Only enough for almost sure of them.

$$E(X_{n+1}|A_n) = E(X_{n+1}|\sigma(X_1,\cdots ,X_n)) = E(X_{n+1}|X_1,\cdots ,X_n)= E(X_{n+1}|X_n)= \frac{X_n}{2}$$

all other question solve similar.

Answer 3

So first: When you define a random variable $X_{n+1}$ to depend on the value of a different random variable $X_n$ you are effectively defining the conditional probability $P(X_{n+1}|X_n)$ as long as $P(X_n)$ was well defined this defines a probability distribution $P(X_{n+1}, X_n)$ over the two variables with the corresponding outer product $\Omega$ and $\sigma$-algebra. I think this is what you rigorously define when you write a distribution for a new random variable depending on an existing one.

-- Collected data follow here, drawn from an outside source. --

text \<open>We use HOL-Algebra's ring
record (the field one is simply ignored) and define non-unital rings, ideals,
products of subsets (finite sums of products), gradings and epsilon-strong gradings.\<close>

definition nonunital_ring :: "('a, 'b) ring_scheme \<Rightarrow> bool" where
  "nonunital_ring R \<longleftrightarrow> abelian_group R \<and>
     (\<forall>x\<in>carrier R. \<forall>y\<in>carrier R. x \<otimes>\<^bsub>R\<^esub> y \<in> carrier R) \<and>
     (\<forall>x\<in>carrier R. \<forall>y\<in>carrier R. \<forall>z\<in>carrier R.
        (x \<otimes>\<^bsub>R\<^esub> y) \<otimes>\<^bsub>R\<^esub> z = x \<otimes>\<^bsub>R\<^esub> (y \<otimes>\<^bsub>R\<^esub> z)) \<and>
     (\<forall>x\<in>carrier R. \<forall>y\<in>carrier R. \<forall>z\<in>carrier R.
        (x \<oplus>\<^bsub>R\<^esub> y) \<otimes>\<^bsub>R\<^esub> z = x \<otimes>\<^bsub>R\<^esub> z \<oplus>\<^bsub>R\<^esub> y \<otimes>\<^bsub>R\<^esub> z \<and>
        z \<otimes>\<^bsub>R\<^esub> (x \<oplus>\<^bsub>R\<^esub> y) = z \<otimes>\<^bsub>R\<^esub> x \<oplus>\<^bsub>R\<^esub> z \<otimes>\<^bsub>R\<^esub> y)"

definition nonunital_ideal :: "'a set \<Rightarrow> ('a, 'b) ring_scheme \<Rightarrow> bool" where
  "nonunital_ideal I R \<longleftrightarrow> additive_subgroup I R \<and>
     (\<forall>a\<in>I. \<forall>x\<in>carrier R. x \<otimes>\<^bsub>R\<^esub> a \<in> I \<and> a \<otimes>\<^bsub>R\<^esub> x \<in> I)"

definition ring_subset_prod :: "('a, 'b) ring_scheme \<Rightarrow> 'a set \<Rightarrow> 'a set \<Rightarrow> 'a set" where
  "ring_subset_prod R X Y = {finsum R (\<lambda>i. f i \<otimes>\<^bsub>R\<^esub> h i) {..<(n::nat)} | n f h.
                        \<forall>i<n. f i \<in> X \<and> h i \<in> Y}"

definition graded :: "('a, 'b) ring_scheme \<Rightarrow> ('g, 'c) monoid_scheme \<Rightarrow> ('g \<Rightarrow> 'a set) \<Rightarrow> bool" where
  "graded R G A \<longleftrightarrow>
     (\<forall>g\<in>carrier G. additive_subgroup (A g) R) \<and>
     (\<forall>g\<in>carrier G. \<forall>h\<in>carrier G. ring_subset_prod R (A g) (A h) \<subseteq> A (g \<otimes>\<^bsub>G\<^esub> h)) \<and>
     (\<forall>x\<in>carrier R. \<exists>F f. finite F \<and> F \<subseteq> carrier G \<and> (\<forall>g\<in>F. f g \<in> A g) \<and>
        x = finsum R f F) \<and>
     (\<forall>F f. finite F \<and> F \<subseteq> carrier G \<and> (\<forall>g\<in>F. f g \<in> A g) \<and> finsum R f F = \<zero>\<^bsub>R\<^esub>
        \<longrightarrow> (\<forall>g\<in>F. f g = \<zero>\<^bsub>R\<^esub>))"

definition epsilon_strong :: "('a, 'b) ring_scheme \<Rightarrow> ('g, 'c) monoid_scheme \<Rightarrow> ('g \<Rightarrow> 'a set) \<Rightarrow> bool" where
  "epsilon_strong R G A \<longleftrightarrow> graded R G A \<and>
     (\<forall>g\<in>carrier G.
        ring_subset_prod R (ring_subset_prod R (A g) (A (inv\<^bsub>G\<^esub> g))) (A g) = A g \<and>
        (\<exists>e\<in>ring_subset_prod R (A g) (A (inv\<^bsub>G\<^esub> g)).
           \<forall>x\<in>ring_subset_prod R (A g) (A (inv\<^bsub>G\<^esub> g)). e \<otimes>\<^bsub>R\<^esub> x = x \<and> x \<otimes>\<^bsub>R\<^esub> e = x))"

definition homogeneous_ideal :: "('a, 'b) ring_scheme \<Rightarrow> ('g, 'c) monoid_scheme \<Rightarrow> ('g \<Rightarrow> 'a set) \<Rightarrow> 'a set \<Rightarrow> bool" where
  "homogeneous_ideal R G A I \<longleftrightarrow>
     (\<forall>x\<in>I. \<exists>F f. finite F \<and> F \<subseteq> carrier G \<and> (\<forall>g\<in>F. f g \<in> I \<inter> A g) \<and> x = finsum R f F)"

definition quot_grading :: "('a, 'b) ring_scheme \<Rightarrow> ('g \<Rightarrow> 'a set) \<Rightarrow> 'a set \<Rightarrow> 'g \<Rightarrow> 'a set set" where
  "quot_grading R A I g = (\<lambda>a. I +>\<^bsub>R\<^esub> a) ` A g"

end

theory Submission
  imports Defs
begin

text \<open>The canonical projection \<open>x \<mapsto> I +> x\<close> onto \<open>S/I\<close> is additive and multiplicative,
so it maps every set \<open>XY\<close> of sums of products onto the corresponding set of products of
the images. Hence the components \<open>(S_g + I)/I\<close> inherit \<open>S_g S_h \<subseteq> S_gh\<close> and
\<open>S_g S_g\<inverse> S_g = S_g\<close>, and the identity element of \<open>S_g S_g\<inverse>\<close> projects to one of its image.
Homogeneity of \<open>I\<close> is needed only for the directness of the sum: if a sum of homogeneous
elements lies in \<open>I\<close>, comparing it with a decomposition of the same element into
homogeneous elements of \<open>I\<close> shows, by uniqueness of homogeneous components, that every
summand lies in \<open>I\<close>.\<close>

lemma ring_subset_prodI:
  "\<forall>i<n. f i \<in> X \<and> h i \<in> Y \<Longrightarrow>
    finsum R (\<lambda>i. f i \<otimes>\<^bsub>R\<^esub> h i) {..<(n::nat)} \<in> ring_subset_prod R X Y"
  unfolding ring_subset_prod_def by blast

lemma ring_subset_prodE:
  assumes "z \<in> ring_subset_prod R X Y"
  obtains n f h where "z = finsum R (\<lambda>i. f i \<otimes>\<^bsub>R\<^esub> h i) {..<(n::nat)}"
    "\<forall>i<n. f i \<in> X \<and> h i \<in> Y"
  using assms unfolding ring_subset_prod_def by blast

lemma graded_additive_subgroup:
  "graded S G A \<Longrightarrow> g \<in> carrier G \<Longrightarrow> additive_subgroup (A g) S"
  by (simp add: graded_def)

lemma graded_subset_carrier:
  "graded S G A \<Longrightarrow> g \<in> carrier G \<Longrightarrow> A g \<subseteq> carrier S"
  by (rule additive_subgroup.a_subset[OF graded_additive_subgroup])

lemma graded_ring_subset_prod:
  "graded S G A \<Longrightarrow> g \<in> carrier G \<Longrightarrow> h \<in> carrier G \<Longrightarrow>
    ring_subset_prod S (A g) (A h) \<subseteq> A (g \<otimes>\<^bsub>G\<^esub> h)"
  by (simp add: graded_def)

lemma graded_decomposition:
  assumes "graded S G A" "x \<in> carrier S"
  obtains F f where "finite F" "F \<subseteq> carrier G" "\<forall>g\<in>F. f g \<in> A g" "x = finsum S f F"
proof -
  have "\<exists>F f. finite F \<and> F \<subseteq> carrier G \<and> (\<forall>g\<in>F. f g \<in> A g) \<and> x = finsum S f F"
    using assms by (simp add: graded_def)
  then show ?thesis using that by blast
qed

lemma graded_components_zero:
  "graded S G A \<Longrightarrow> finite F \<Longrightarrow> F \<subseteq> carrier G \<Longrightarrow> \<forall>g\<in>F. f g \<in> A g \<Longrightarrow>
    finsum S f F = \<zero>\<^bsub>S\<^esub> \<Longrightarrow> g \<in> F \<Longrightarrow> f g = \<zero>\<^bsub>S\<^esub>"
  unfolding graded_def by (elim conjE allE impE) auto

lemma epsilon_strong_graded: "epsilon_strong S G A \<Longrightarrow> graded S G A"
  by (simp add: epsilon_strong_def)

lemma epsilon_strong_ring_subset_prod_eq:
  "epsilon_strong S G A \<Longrightarrow> g \<in> carrier G \<Longrightarrow>
    ring_subset_prod S (ring_subset_prod S (A g) (A (inv\<^bsub>G\<^esub> g))) (A g) = A g"
  by (simp add: epsilon_strong_def)

lemma epsilon_strong_identity:
  assumes "epsilon_strong S G A" "g \<in> carrier G"
  obtains e where "e \<in> ring_subset_prod S (A g) (A (inv\<^bsub>G\<^esub> g))"
    "\<forall>x\<in>ring_subset_prod S (A g) (A (inv\<^bsub>G\<^esub> g)). e \<otimes>\<^bsub>S\<^esub> x = x \<and> x \<otimes>\<^bsub>S\<^esub> e = x"
  using assms unfolding epsilon_strong_def by blast

lemma graded_components_unique:
  assumes S: "abelian_group S" and gr: "graded S G A"
    and U: "finite U" "U \<subseteq> carrier G"
    and ab: "\<forall>g\<in>U. a g \<in> A g \<and> b g \<in> A g"
    and eq: "finsum S a U = finsum S b U"
  shows "\<forall>g\<in>U. a g = b g"
proof -
  interpret abelian_group S by (fact S)
  have sub: "\<And>g. g \<in> U \<Longrightarrow> additive_subgroup (A g) S"
    using U graded_additive_subgroup[OF gr] by auto
  have "\<And>g. g \<in> U \<Longrightarrow> A g \<subseteq> carrier S"
    using U graded_subset_carrier[OF gr] by auto
  then have aS: "a \<in> U \<rightarrow> carrier S" and bS: "b \<in> U \<rightarrow> carrier S"
    using ab by fastforce+
  define d where "d g = a g \<ominus>\<^bsub>S\<^esub> b g" for g
  have dA: "\<forall>g\<in>U. d g \<in> A g"
    using ab sub unfolding d_def a_minus_def
    by (meson additive_subgroup.a_closed additive_subgroup.a_inv_closed)
  have dS: "d \<in> U \<rightarrow> carrier S" using aS bS unfolding d_def by auto
  have a_split: "a g = d g \<oplus>\<^bsub>S\<^esub> b g" if "g \<in> U" for g
    using aS bS that unfolding d_def a_minus_def by (simp add: Pi_iff a_assoc l_neg)
  have "finsum S a U = finsum S (\<lambda>g. d g \<oplus>\<^bsub>S\<^esub> b g) U"
    using dS bS a_split by (intro finsum_cong') auto
  also have "\<dots> = finsum S d U \<oplus>\<^bsub>S\<^esub> finsum S b U"
    using dS bS by (rule finsum_addf)
  finally have "finsum S d U = \<zero>\<^bsub>S\<^esub>" using eq dS bS by simp
  then have "\<forall>g\<in>U. d g = \<zero>\<^bsub>S\<^esub>" using graded_components_zero[OF gr U dA] by blast
  then show ?thesis using a_split bS by (auto simp: Pi_iff)
qed

lemma homogeneous_ideal_components_mem:
  assumes S: "abelian_group S" and gr: "graded S G A"
    and hom: "homogeneous_ideal S G A I" and I: "additive_subgroup I S"
    and F: "finite F" "F \<subseteq> carrier G" "\<forall>g\<in>F. f g \<in> A g"
    and sum_in: "finsum S f F \<in> I"
  shows "\<forall>g\<in>F. f g \<in> I"
proof -
  interpret abelian_group S by (fact S)
  obtain F' k where F': "finite F'" "F' \<subseteq> carrier G" "\<forall>g\<in>F'. k g \<in> I \<inter> A g"
    and sum_eq: "finsum S f F = finsum S k F'"
    using hom sum_in unfolding homogeneous_ideal_def by meson
  define U where "U = F \<union> F'"
  define a where "a g = (if g \<in> F then f g else \<zero>\<^bsub>S\<^esub>)" for g
  define b where "b g = (if g \<in> F' then k g else \<zero>\<^bsub>S\<^esub>)" for g
  have U: "finite U" "U \<subseteq> carrier G" using F F' unfolding U_def by auto
  have sub: "\<And>g. g \<in> U \<Longrightarrow> additive_subgroup (A g) S"
    using U graded_additive_subgroup[OF gr] by auto
  have ab: "\<forall>g\<in>U. a g \<in> A g \<and> b g \<in> A g"
    using F F' sub additive_subgroup.zero_closed unfolding a_def b_def by fastforce
  moreover have "\<And>g. g \<in> U \<Longrightarrow> A g \<subseteq> carrier S"
    using U graded_subset_carrier[OF gr] by auto
  ultimately have aS: "a \<in> U \<rightarrow> carrier S" and bS: "b \<in> U \<rightarrow> carrier S"
    by fastforce+
  have "finsum S a U = finsum S f F"
    by (rule add.finprod_mono_neutral_cong_right) (use U aS in \<open>auto simp: U_def a_def\<close>)
  moreover have "finsum S b U = finsum S k F'"
    by (rule add.finprod_mono_neutral_cong_right) (use U bS in \<open>auto simp: U_def b_def\<close>)
  ultimately have "\<forall>g\<in>U. a g = b g"
    using graded_components_unique[OF S gr U ab] sum_eq by simp
  moreover have "\<forall>g\<in>U. b g \<in> I"
    using F' additive_subgroup.zero_closed[OF I] unfolding b_def by auto
  ultimately show ?thesis unfolding U_def a_def by (metis UnI1)
qed

locale nonunital_quotient =
  fixes S :: "('a, 'b) ring_scheme" (structure) and I :: "'a set"
  assumes nonunital_ring: "nonunital_ring S" and ideal: "nonunital_ideal I S"
begin

lemma m_closed: "x \<in> carrier S \<Longrightarrow> y \<in> carrier S \<Longrightarrow> x \<otimes> y \<in> carrier S"
  using nonunital_ring unfolding nonunital_ring_def by blast

lemma l_distr:
  "x \<in> carrier S \<Longrightarrow> y \<in> carrier S \<Longrightarrow> z \<in> carrier S \<Longrightarrow> (x \<oplus> y) \<otimes> z = x \<otimes> z \<oplus> y \<otimes> z"
  using nonunital_ring unfolding nonunital_ring_def by blast

lemma r_distr:
  "x \<in> carrier S \<Longrightarrow> y \<in> carrier S \<Longrightarrow> z \<in> carrier S \<Longrightarrow> z \<otimes> (x \<oplus> y) = z \<otimes> x \<oplus> z \<otimes> y"
  using nonunital_ring unfolding nonunital_ring_def by blast

lemma I_l_closed: "a \<in> I \<Longrightarrow> x \<in> carrier S \<Longrightarrow> x \<otimes> a \<in> I"
  using ideal unfolding nonunital_ideal_def by blast

lemma I_r_closed: "a \<in> I \<Longrightarrow> x \<in> carrier S \<Longrightarrow> a \<otimes> x \<in> I"
  using ideal unfolding nonunital_ideal_def by blast

lemma abelian_group: "abelian_group S"
  using nonunital_ring unfolding nonunital_ring_def by blast

lemma additive_subgroup: "additive_subgroup I S"
  using ideal unfolding nonunital_ideal_def by blast

sublocale abelian_subgroup I S
  by (rule abelian_subgroupI3[OF additive_subgroup abelian_group])

abbreviation Q :: "'a set ring" where "Q \<equiv> S Quot I"

definition qproj :: "'a \<Rightarrow> 'a set" where "qproj x = I +> x"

For your second question I would first comment on the writing: Generally, I would expect you to condition on the other random variables directly, not on the $\sigma$-algebra for them. If you mean something else for those, please clarify.

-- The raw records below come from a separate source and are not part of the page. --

lemma convex_on_slope_tendsto_at_right_0:
  fixes h :: "real \<Rightarrow> real"
  assumes cvx: "convex_on {0..d} h" and "d > 0" "h 0 = 0"
    and lower: "\<And>\<epsilon>. 0 < \<epsilon> \<Longrightarrow> \<epsilon> \<le> d \<Longrightarrow> s * \<epsilon> \<le> h \<epsilon>"
  shows "\<exists>L\<ge>s. ((\<lambda>\<epsilon>. h \<epsilon> / \<epsilon>) \<longlongrightarrow> L) (at_right 0)"
proof -
  define Q where "Q \<epsilon> = h \<epsilon> / \<epsilon>" for \<epsilon>
  have mono: "Q a \<le> Q b" if "a \<in> {..<d}" "b \<in> {..<d}" "0 < a" "a \<le> b" for a b
  proof (cases "a = b")
    case False
    then have "(h 0 - h a) / (0 - a) \<le> (h 0 - h b) / (0 - b)"
      using that by (intro convex_on_slope_le(1)[OF cvx]) auto
    with \<open>h 0 = 0\<close> show ?thesis by (simp add: Q_def)
  qed simp
  have bound: "s \<le> Q a" if "a \<in> {..<d}" "0 < a" for a
    using lower[of a] that by (simp add: Q_def field_simps)
  have "at (0::real) within ({0<..} \<inter> {..<d}) = at_right 0"
    by (rule at_within_nhd[where S = "{-d<..<d}"]) (use \<open>d > 0\<close> in auto)
  then have lim: "(Q \<longlongrightarrow> Inf (Q ` ({0<..} \<inter> {..<d}))) (at_right 0)"
    using Lim_right_bound[of "{..<d}" 0 Q s] mono bound by metis
  moreover have "eventually (\<lambda>\<epsilon>. s \<le> Q \<epsilon>) (at_right 0)"
    using eventually_at_right_real[OF \<open>d > 0\<close>] by eventually_elim (auto intro: bound)
  ultimately have "s \<le> Inf (Q ` ({0<..} \<inter> {..<d}))"
    by (rule tendsto_lowerbound) simp
  with lim show ?thesis unfolding Q_def by blast
qed

lemma second_symmetric_difference_tendsto:
  fixes g g' :: "real \<Rightarrow> real"
  assumes "d > 0"
    and g': "\<And>x. \<bar>x - p\<bar> < d \<Longrightarrow> (g has_real_derivative g' x) (at x)"
    and g'': "(g' has_real_derivative g'') (at p)"
  shows "((\<lambda>\<epsilon>. (g (p + \<epsilon>) + g (p - \<epsilon>) - 2 * g p) / \<epsilon>\<^sup>2) \<longlongrightarrow> g'') (at_right 0)"
proof -
  define N where "N \<epsilon> = g (p + \<epsilon>) + g (p - \<epsilon>) - 2 * g p" for \<epsilon>
  define \<Phi> where "\<Phi> \<epsilon> = g' (p + \<epsilon>) - g' (p - \<epsilon>)" for \<epsilon>
  have shift: "((\<lambda>\<epsilon>. p + \<epsilon>) has_real_derivative 1) (at x)"
    "((\<lambda>\<epsilon>. p - \<epsilon>) has_real_derivative -1) (at x)" for x
    by (auto intro!: derivative_eq_intros)
  have dN: "(N has_real_derivative \<Phi> \<epsilon>) (at \<epsilon>)" if "\<bar>\<epsilon>\<bar> < d" for \<epsilon>
  proof -
    have "((\<lambda>\<epsilon>. g (p + \<epsilon>)) has_real_derivative g' (p + \<epsilon>) * 1) (at \<epsilon>)"
      by (rule DERIV_chain2[OF g' shift(1)]) (use that in simp)
    moreover have "((\<lambda>\<epsilon>. g (p - \<epsilon>)) has_real_derivative g' (p - \<epsilon>) * -1) (at \<epsilon>)"
      by (rule DERIV_chain2[OF g' shift(2)]) (use that in simp)
    ultimately have "(N has_real_derivative g' (p + \<epsilon>) * 1 + g' (p - \<epsilon>) * -1 - 0) (at \<epsilon>)"
      unfolding N_def[abs_def] by (intro DERIV_diff DERIV_add DERIV_const)
    then show ?thesis by (simp add: \<Phi>_def)
  qed
  have "(\<Phi> has_real_derivative g'' * 1 - g'' * -1) (at 0)"
    unfolding \<Phi>_def[abs_def]
    by (intro DERIV_diff DERIV_chain2[OF _ shift(1)] DERIV_chain2[OF _ shift(2)])
      (simp_all add: g'')
  from DERIV_D[OF this] have "((\<lambda>\<epsilon>. \<Phi> \<epsilon> / \<epsilon> / 2) \<longlongrightarrow> (g'' * 1 - g'' * -1) / 2) (at 0)"
    by (intro tendsto_divide tendsto_const) (simp_all add: \<Phi>_def)
  then have "((\<lambda>\<epsilon>. \<Phi> \<epsilon> / (2 * \<epsilon>)) \<longlongrightarrow> g'') (at 0)"
    by (simp add: field_simps)
  then have lim\<Phi>: "((\<lambda>\<epsilon>. \<Phi> \<epsilon> / (2 * \<epsilon>)) \<longlongrightarrow> g'') (at_right 0)"
    by (rule tendsto_mono[OF at_le, rotated]) simp
  have ev: "eventually (\<lambda>\<epsilon>. 0 < \<epsilon> \<and> \<epsilon> < d) (at_right (0::real))"
    using eventually_at_right_real[OF \<open>d > 0\<close>] by simp
  have "isCont N 0"
    using dN[of 0] \<open>d > 0\<close> by (intro DERIV_isCont) auto
  then have "(N \<longlongrightarrow> 0) (at_right 0)"
    by (auto simp: isCont_def N_def intro: tendsto_mono[OF at_le])
  then have "((\<lambda>\<epsilon>. N \<epsilon> / \<epsilon>\<^sup>2) \<longlongrightarrow> g'') (at_right 0)"
  proof (rule lhopital_right_0[OF _ _ _ _ _ _ lim\<Phi>])
    show "((\<lambda>\<epsilon>::real. \<epsilon>\<^sup>2) \<longlongrightarrow> 0) (at_right 0)"
      by (rule tendsto_mono[OF at_le, rotated]) (auto intro!: tendsto_eq_intros)
    show "eventually (\<lambda>\<epsilon>::real. \<epsilon>\<^sup>2 \<noteq> 0) (at_right 0)"
      using ev by (rule eventually_mono) simp
    show "eventually (\<lambda>\<epsilon>::real. 2 * \<epsilon> \<noteq> 0) (at_right 0)"
      using ev by (rule eventually_mono) simp
    show "eventually (\<lambda>\<epsilon>. DERIV N \<epsilon> :> \<Phi> \<epsilon>) (at_right 0)"
      using ev by (rule eventually_mono) (simp add: dN)
    show "eventually (\<lambda>\<epsilon>. DERIV (\<lambda>\<epsilon>. \<epsilon>\<^sup>2) \<epsilon> :> 2 * \<epsilon>) (at_right 0)"
      by (intro always_eventually allI) (rule derivative_eq_intros refl | simp)+
  qed
  then show ?thesis by (simp add: N_def)
qed

definition weighted_geomean :: "real \<Rightarrow> real \<Rightarrow> real" where
  "weighted_geomean a q = q powr a * (1 - q) powr (1 - a)"

definition weighted_geomean' :: "real \<Rightarrow> real \<Rightarrow> real" where
  "weighted_geomean' a q =
     a * q powr (a - 1) * (1 - q) powr (1 - a) - (1 - a) * q powr a * (1 - q) powr (- a)"

definition weighted_geomean'' :: "real \<Rightarrow> real \<Rightarrow> real" where
  "weighted_geomean'' a q = - a * (1 - a) * q powr (a - 2) * (1 - q) powr (- a - 1)"

lemma has_real_derivative_powr_mult_powr:
  fixes q b c :: real
  assumes "0 < q" "q < 1"
  shows "((\<lambda>q. q powr b * (1 - q) powr c) has_real_derivative
           b * q powr (b - 1) * (1 - q) powr c - c * q powr b * (1 - q) powr (c - 1)) (at q)"
  using assms by (auto intro!: derivative_eq_intros simp: algebra_simps)

lemma weighted_geomean_deriv:
  "0 < q \<Longrightarrow> q < 1 \<Longrightarrow> (weighted_geomean a has_real_derivative weighted_geomean' a q) (at q)"
  unfolding weighted_geomean_def[abs_def] weighted_geomean'_def
  using has_real_derivative_powr_mult_powr[of q a "1 - a"] by (simp add: algebra_simps)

Then the general part for your examples is that if you define $X_{n+1}$ only based on $X_n$ you can ignore all previous random variables for calculating the conditional expectation. This is indeed true. There are many ways of showing this. Maybe the simplest is to write out that $P(X_0,\dots,X_n)=P(X_0)\prod_{i=1}^n P(X_i|X_{i-1})$, and observing that $P(X_{n+1}| X_n)$ is indeed the conditional probability as we would assume based on the naming. Then the raw definition of the conditional expectation $\mathbb{E}(X_{n+1}|X_0,\dots,X_n)$ is:

\begin{eqnarray} \mathbb{E}(X_{n+1}|X_0,\dots,X_n) &=& \int x_{n+1} dP(X_{n+1}|X_0,\dots,X_n)\\ &=& \int x_{n+1} d\left[\frac{P(X_{n+1},X_0,\dots,X_n)}{P(X_0,\dots,X_n)}\right]\\ &=& \int x_{n+1} dP(X_{n+1}|X_n) \end{eqnarray}

as all other P cancel in the ratio.

Note that this expectation is not the expectation for the (n+1)th variable $\mathbb{E}(X_{n+1})$, which is equal to the expectation of the marginal $P(X_{n+1})$, which will not necessarily have a simple distribution. If you are interested in this expectation, you'll have to find a way to calculate $\mathbb{E}(X_{n+1})$ from $\mathbb{E}(X_{n})$ and do the induction.